Amid this kaleidoscopic melee, another strange tableau unfolded, one that might have escaped notice but for the Capitol surveillance cameras. It occurred at 2:25 p.m., just twelve minutes after the first rioter breached the building and about twenty minutes before Babbitt was killed. A slender middle-aged man slipped through a broken window into the Senate wing of the Capitol. He wore a red sweatshirt, camouflage pants, and a black knit cap. Though the marble corridor was already crowded with rioters bustling along in both directions, the man lingered by the broken window. He helped a teenage girl wearing a camouflage coat climb through, taking care that she didn't land on the shattered glass covering the floor. Then the man assisted a second teenage girl who was similarly attired. A third woman followed, slightly older and wearing a Trump flag as a cape. Then came a middle-aged woman, hooded and wearing sunglasses. Finally, a young man clambered through the window. The six of them then proceeded through the U.S. Capitol in tandem, as the American family unit they happened to be.

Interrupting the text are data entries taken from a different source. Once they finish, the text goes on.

(* Let $n\ge2$ be even and $Q(x)=\sum_{i=1}^{n/2-1}Tr_1^n(x^{2^i+1})+Tr_1^{n/2}(x^{2^{n/2}+1})$ on $\mathbb{F}_{2^n}$. Then $Q$ is bent but not negabent.
   Context: $Tr_1^m(z)=z+z^2+\dots+z^{2^{m-1}}$; $Tr=Tr_1^n$. Fix a self-dual basis $\{\alpha_i\}$ of $\mathbb{F}_{2^n}$ over $\mathbb{F}_2$ ($Tr(\alpha_i\alpha_j)=\delta_{ij}$), identify $\mathbb{F}_{2^n}$ with $\mathbb{F}_2^n$ via coordinates, and let $wt(x)$ be the number of nonzero coordinates. For $g:\mathbb{F}_{2^n}\to\mathbb{F}_2$: $g$ is bent if $\left|\sum_x(-1)^{g(x)+Tr(\mu x)}\right|=2^{n/2}$ for all $\mu$; negabent if $\left|\sum_x(-1)^{g(x)+Tr(\mu x)}\mathrm{i}^{wt(x)}\right|=2^{n/2}$ for all $\mu$ ($\mathrm{i}=\sqrt{-1}$). *)

theory Defs
  imports Complex_Main
begin

text \<open>The field F_{2^n} is modelled by a finite field type 'a with CARD('a) = 2^n.
  F_2 is identified with the prime subfield {0,1} of 'a.\<close>

definition trm :: "nat \<Rightarrow> 'a::field \<Rightarrow> 'a" where
  "trm m z = (\<Sum>k<m. z ^ (2 ^ k))"

definition sgn2 :: "'a::field \<Rightarrow> complex" where
  "sgn2 y = (if y = 0 then 1 else -1)"

definition is_basis :: "nat \<Rightarrow> (nat \<Rightarrow> 'a::field) \<Rightarrow> bool" where
  "is_basis n alpha \<longleftrightarrow>
     (\<forall>x::'a. \<exists>!c::nat \<Rightarrow> bool. (\<forall>i\<ge>n. \<not> c i) \<and>
        x = (\<Sum>i<n. if c i then alpha i else 0))"

definition self_dual_basis :: "nat \<Rightarrow> (nat \<Rightarrow> 'a::field) \<Rightarrow> bool" where
  "self_dual_basis n alpha \<longleftrightarrow> is_basis n alpha \<and>
     (\<forall>i<n. \<forall>j<n. trm n (alpha i * alpha j) = (if i = j then 1 else 0))"

definition coords :: "nat \<Rightarrow> (nat \<Rightarrow> 'a::field) \<Rightarrow> 'a \<Rightarrow> nat \<Rightarrow> bool" where
  "coords n alpha x = (THE c. (\<forall>i\<ge>n. \<not> c i) \<and> x = (\<Sum>i<n. if c i then alpha i else 0))"

definition wt :: "nat \<Rightarrow> (nat \<Rightarrow> 'a::field) \<Rightarrow> 'a \<Rightarrow> nat" where
  "wt n alpha x = card {i. i < n \<and> coords n alpha x i}"

definition boolean_fun :: "('a::field \<Rightarrow> 'a) \<Rightarrow> bool" where
  "boolean_fun g \<longleftrightarrow> (\<forall>x. g x = 0 \<or> g x = 1)"

definition bent :: "nat \<Rightarrow> ('a::{field,finite} \<Rightarrow> 'a) \<Rightarrow> bool" where
  "bent n g \<longleftrightarrow> boolean_fun g \<and>
     (\<forall>mu::'a. cmod (\<Sum>x\<in>UNIV. sgn2 (g x + trm n (mu * x))) = 2 powr (real n / 2))"

definition negabent :: "nat \<Rightarrow> (nat \<Rightarrow> 'a::{field,finite}) \<Rightarrow> ('a \<Rightarrow> 'a) \<Rightarrow> bool" where
  "negabent n alpha g \<longleftrightarrow> boolean_fun g \<and>
     (\<forall>mu::'a. cmod (\<Sum>x\<in>UNIV. sgn2 (g x + trm n (mu * x)) * \<i> ^ wt n alpha x)
                 = 2 powr (real n / 2))"

definition Qfun :: "nat \<Rightarrow> 'a::field \<Rightarrow> 'a" where
  "Qfun n x = (\<Sum>i\<in>{1..n div 2 - 1}. trm n (x ^ (2 ^ i + 1)))
              + trm (n div 2) (x ^ (2 ^ (n div 2) + 1))"

end

theory Submission
  imports Defs "HOL-Computational_Algebra.Primes" "HOL-Number_Theory.Residues"
begin

text \<open>
  The function \<open>Q\<close> is quadratic: \<open>Q (x + a) = Q x + Q a + Tr (x * (Tr a + a))\<close>, and for even \<open>n\<close>
  the linear map \<open>a \<mapsto> Tr a + a\<close> is injective because \<open>Tr 1 = 0\<close>. Squaring the Walsh coefficient and
  summing the resulting additive character over \<open>x\<close> then gives \<open>2 ^ n\<close>, so \<open>Q\<close> is bent.

  With respect to a self-dual basis the coordinates of \<open>x\<close> are the traces \<open>Tr (\<alpha>\<^sub>j * x)\<close>, hence
  \<open>\<i> ^ wt (x + a) = \<i> ^ wt x * \<i> ^ wt a * (-1) ^ Tr (x * a)\<close>. Together with the polar form this makes
  \<open>\<phi> x = (-1) ^ Q x * \<i> ^ wt x * cnj (\<i> ^ Tr x)\<close> an additive character, so its Walsh coefficients
  are \<open>0\<close> or \<open>2 ^ n\<close>, and \<open>2 ^ n\<close> at some \<open>v\<close>. Writing \<open>\<i> ^ Tr x = ((1 + \<i>) + (1 - \<i>) * (-1) ^ Tr x) / 2\<close>,
  the nega-Hadamard coefficient of \<open>Q\<close> at \<open>v\<close> is \<open>(1 + \<i>) / 2 * 2 ^ n\<close> or \<open>2 ^ n\<close>, whose modulus is
  not \<open>2 ^ (n / 2)\<close> when \<open>n \<ge> 2\<close>.
\<close>

section \<open>Fields of characteristic two\<close>

definition F2 :: "'a::field set" where
  "F2 = {0, 1}"

lemma zero_in_F2 [simp]: "0 \<in> F2" and one_in_F2 [simp]: "1 \<in> F2"
  by (simp_all add: F2_def)

lemma F2_mult: "u \<in> F2 \<Longrightarrow> v \<in> F2 \<Longrightarrow> u * v \<in> F2"
  by (auto simp: F2_def)

lemma F2_iff_square_eq: "u \<in> F2 \<longleftrightarrow> u ^ 2 = u"
proof
  assume "u ^ 2 = u"
  then have "u * (u - 1) = 0" by (simp add: power2_eq_square algebra_simps)
  then show "u \<in> F2" by (auto simp: F2_def)
qed (auto simp: F2_def)

lemma sgn2_mult_self [simp]: "sgn2 u * sgn2 u = 1"
  by (simp add: sgn2_def)

definition imag_pow :: "'a::field \<Rightarrow> complex" where
  "imag_pow u = (if u = 0 then 1 else \<i>)"

lemma imag_pow_eq_sgn2: "u \<in> F2 \<Longrightarrow> imag_pow u = ((1 + \<i>) + (1 - \<i>) * sgn2 u) / 2"
  by (auto simp: F2_def imag_pow_def sgn2_def field_simps)

lemma imag_pow_mult_cnj [simp]: "imag_pow u * cnj (imag_pow u) = 1"
  by (simp add: imag_pow_def)
(* Consider the system of ordinary differential equations for $(x(t),h(t),n(t))$: \[ \frac{dx}{dt} = x(1-x)S(h) + \mu(h)(1-x) - \nu x,\qquad \frac{dh}{dt} = \alpha n(1+\beta x)\,G(h) - \Gamma(n)(h-1),\qquad \frac{dn}{dt} = r n(1-n) - D(h,x)\,n, \] where \[ S(h) = \frac{s_0}{1+e^{-\lambda(h-h_c)}} - c + \varphi\, d_S(h),\quad d_S(h) = \frac{d_{\max} h^m}{h_{50}^m + h^m},\quad \mu(h)=\mu_0 h^p, \] \[ G(h) = \frac{K_g}{K_g+h},\quad \Gamma(n) = \frac{\gamma_0}{1+\eta n},\quad D(h,x) = (1-\varphi x)\,d_S(h), \] and all parameters $s_0,\lambda,h_c,c,\varphi,d_{\max},h_{50},m,\mu_0,p,\nu,\alpha,\beta,K_g,\gamma_0,\eta,r$ are positive. Let $x^*\in(0,1)$ be the unique solution in $(0,1)$ of $x(1-x)S(1) + \mu_0(1-x) - \nu x = 0$, so that $E_0 = (x^*,1,0)$ is an equilibrium of the system. Define $\mathcal{R}_0 = \dfrac{r}{D(1,x^* )}$. Then $E_0$ is locally asymptotically stable if $\mathcal{R}_0<1$ and unstable if $\mathcal{R}_0>1$.
   Context: The model describes a tumor: $x$ is the fraction of acid-resistant cells, $h$ is the normalized proton concentration ($h=1$ physiological), $n$ is normalized tumor density. $E_0$ is the tumor-extinction equilibrium and $\mathcal{R}_0$ is called the basic reproduction number of the tumor cell population.
   Formalization: Both clauses assume in addition that $D(1,x^* ) > 0$, that is $\varphi x^* < 1$. The statement above fails without it. *)

theory Defs
  imports "HOL-Analysis.Analysis"
begin

definition is_solution :: "('a::real_normed_vector \<Rightarrow> 'a) \<Rightarrow> real set \<Rightarrow> (real \<Rightarrow> 'a) \<Rightarrow> bool" where
  "is_solution F I y \<longleftrightarrow> (\<forall>t\<in>I. (y has_vector_derivative F (y t)) (at t within I))"

text \<open>Lyapunov stability of an equilibrium E (quantifying over all solutions on
  arbitrary compact time intervals [0,T], so that no global existence is presupposed).\<close>
definition lyapunov_stable :: "('a::real_normed_vector \<Rightarrow> 'a) \<Rightarrow> 'a \<Rightarrow> bool" where
  "lyapunov_stable F E \<longleftrightarrow>
     (\<forall>\<epsilon>>0. \<exists>\<delta>>0. \<forall>T y. T \<ge> 0 \<and> is_solution F {0..T} y \<and> dist (y 0) E < \<delta>
        \<longrightarrow> (\<forall>t\<in>{0..T}. dist (y t) E < \<epsilon>))"

definition locally_attractive :: "('a::real_normed_vector \<Rightarrow> 'a) \<Rightarrow> 'a \<Rightarrow> bool" where
  "locally_attractive F E \<longleftrightarrow>
     (\<exists>\<delta>>0. \<forall>y. is_solution F {0..} y \<and> dist (y 0) E < \<delta> \<longrightarrow> (y \<longlongrightarrow> E) at_top)"

definition locally_asymptotically_stable :: "('a::real_normed_vector \<Rightarrow> 'a) \<Rightarrow> 'a \<Rightarrow> bool" where
  "locally_asymptotically_stable F E \<longleftrightarrow> lyapunov_stable F E \<and> locally_attractive F E"

definition unstable :: "('a::real_normed_vector \<Rightarrow> 'a) \<Rightarrow> 'a \<Rightarrow> bool" where
  "unstable F E \<longleftrightarrow> \<not> lyapunov_stable F E"

end

theory Submission
  imports Defs
begin

(* At E0 = (xs, 1, 0) the Jacobian of the vector field is upper triangular, with diagonal entries
   (1 - 2 xs) S 1 - mu 1 - nu,  - Gam 0  and  r - D(1, xs); the first one is negative because
   of the equation defining xs.  If r < D(1, xs), a weighted quadratic form u^2 + K v^2 + L w^2
   in the deviations is a strict Lyapunov function near E0, so nearby solutions decay
   exponentially.  If r > D(1, xs), the density obeys n' = n (r (1 - n) - D(h, x)) with a bracket
   exceeding (r - D(1, xs)) / 2 near E0, so a small positive density grows exponentially and the
   solution leaves a fixed ball; the solutions witnessing this come from Picard iteration for a
   Lipschitz extension of the vector field. *)

section \<open>Solutions, barriers and differential inequalities\<close>

lemma is_solution_continuous_on:
  assumes "is_solution F I y"
  shows "continuous_on I y"
  using assms has_vector_derivative_continuous
  unfolding is_solution_def continuous_on_eq_continuous_within by blast

lemma is_solution_subset:
  assumes "is_solution F I y" "J \<subseteq> I"
  shows "is_solution F J y"
  using assms has_vector_derivative_within_subset unfolding is_solution_def by blast

lemma is_solution_has_vector_derivative_at:
  assumes "is_solution F {0..T} y" "0 < t" "t < T"
  shows "(y has_vector_derivative F (y t)) (at t)"
proof -
  have "(y has_vector_derivative F (y t)) (at t within {0..T})"
    using assms unfolding is_solution_def by auto
  moreover have "at t within {0..T} = at t" using assms(2,3) by (intro at_within_interior) simp
  ultimately show ?thesis by simp
qed

lemma continuous_on_stays_below:
  fixes w :: "real \<Rightarrow> real"
  assumes cont: "continuous_on {0..T} w" and start: "w 0 < R"
    and step: "\<And>s. 0 < s \<Longrightarrow> s \<le> T \<Longrightarrow> (\<forall>t\<in>{0..s}. w t \<le> R) \<Longrightarrow> (\<forall>t\<in>{0..<s}. w t < R) \<Longrightarrow> w s < R"
  shows "\<forall>t\<in>{0..T}. w t < R"
proof (rule ccontr)
  assume "\<not> (\<forall>t\<in>{0..T}. w t < R)"
  define B where "B = {0..T} \<inter> w -` {R..}"
  have "B \<noteq> {}" using \<open>\<not> (\<forall>t\<in>{0..T}. w t < R)\<close> by (auto simp: B_def not_less)
  moreover have "closed B" unfolding B_def by (rule continuous_closed_preimage[OF cont]) auto
  moreover have B_bdd: "bdd_below B" by (auto simp: B_def bdd_below_def)
  ultimately have exit: "Inf B \<in> B" using closed_contains_Inf by blast
  define s where "s = Inf B"
  have s: "0 < s" "s \<le> T" "R \<le> w s"
    using exit start by (auto simp: s_def B_def order.order_iff_strict)
  have before: "\<forall>t\<in>{0..<s}. w t < R"
    using cInf_lower[OF _ B_bdd] s by (force simp: s_def B_def not_le)
  have "{0..<s} \<subseteq> {0..s} \<inter> w -` {..R}" using before by (auto simp: less_imp_le)
  moreover have "closed ({0..s} \<inter> w -` {..R})"
    using s by (intro continuous_closed_preimage continuous_on_subset[OF cont]) auto
  ultimately have "closure {0..<s} \<subseteq> {0..s} \<inter> w -` {..R}" by (rule closure_minimal)
  then have "\<forall>t\<in>{0..s}. w t \<le> R" using s by auto
  then have "w s < R" using step[OF s(1,2) _ before] by blast
  then show False using s by simp
qed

These were the Munns. Just over an hour earlier, they had stood among tens of thousands of Trump supporters at the Ellipse, watching on the JumboTron as the president had said, "We're going to walk down to the Capitol," adding, "Because you'll never take back our country with weakness. You have to show strength and you have to be strong." They had done exactly that, following other rallygoers all the way to the steps of the Capitol, in an atmosphere that Tom would later describe in an online post as "upbeat and patriotic." Minutes later, his post continued, "everything suddenly became very 'dark.' I do not know how else to describe it. Eventually resulting in our entry of the Capitol Building"--past police barricades, with tear gas swirling and accompanied by a soundtrack of flash-bang grenades, security alarms, and the roar of the mob. Through the broken window, they entered the restricted area of the Capitol while federal legislators were convening to certify the presidential election. [...]

Tom became a prolific political commentator on Facebook, gaining a following of 4,900. He was a fervent Trump supporter and alluded to the far-right political conspiracy theory QAnon, ending some of his posts with the QAnon hashtag #WWG1WGA ("Where We Go One, We Go All"). On election night in November 2020, when the key states of Arizona, Pennsylvania, and Wisconsin swung for Joe Biden, the Munns hardly stood alone in their incredulity. As Gerald Cantrell, perhaps Borger's most prominent Republican activist, told me, "Biden didn't win them states. They cheated like a son of a bitch. It's obvious. That was the biggest conspiracy in American history."

Two weeks after the election, the Munns hung a replica of the "Come and Take It" flag in front of their house. In late December, Dawn reposted on Facebook a photograph of a bullet accompanied by the warning "By Bullet or Ballot, Restoration of the Republic Is Coming!" On December 28 Tom reminded his followers that President Trump had recently beckoned supporters to Washington for a rally in his infamous "will be wild" tweet. Wrote Tom, "Our President has only asked two things from us, so far . . . #1 Vote #2 January 6, 2021."

The Munn parents and their eldest daughter, Kristi, decided to take the family's two high school seniors, eighteen-year-old Kayli and seventeen-year-old Kassi, to Washington.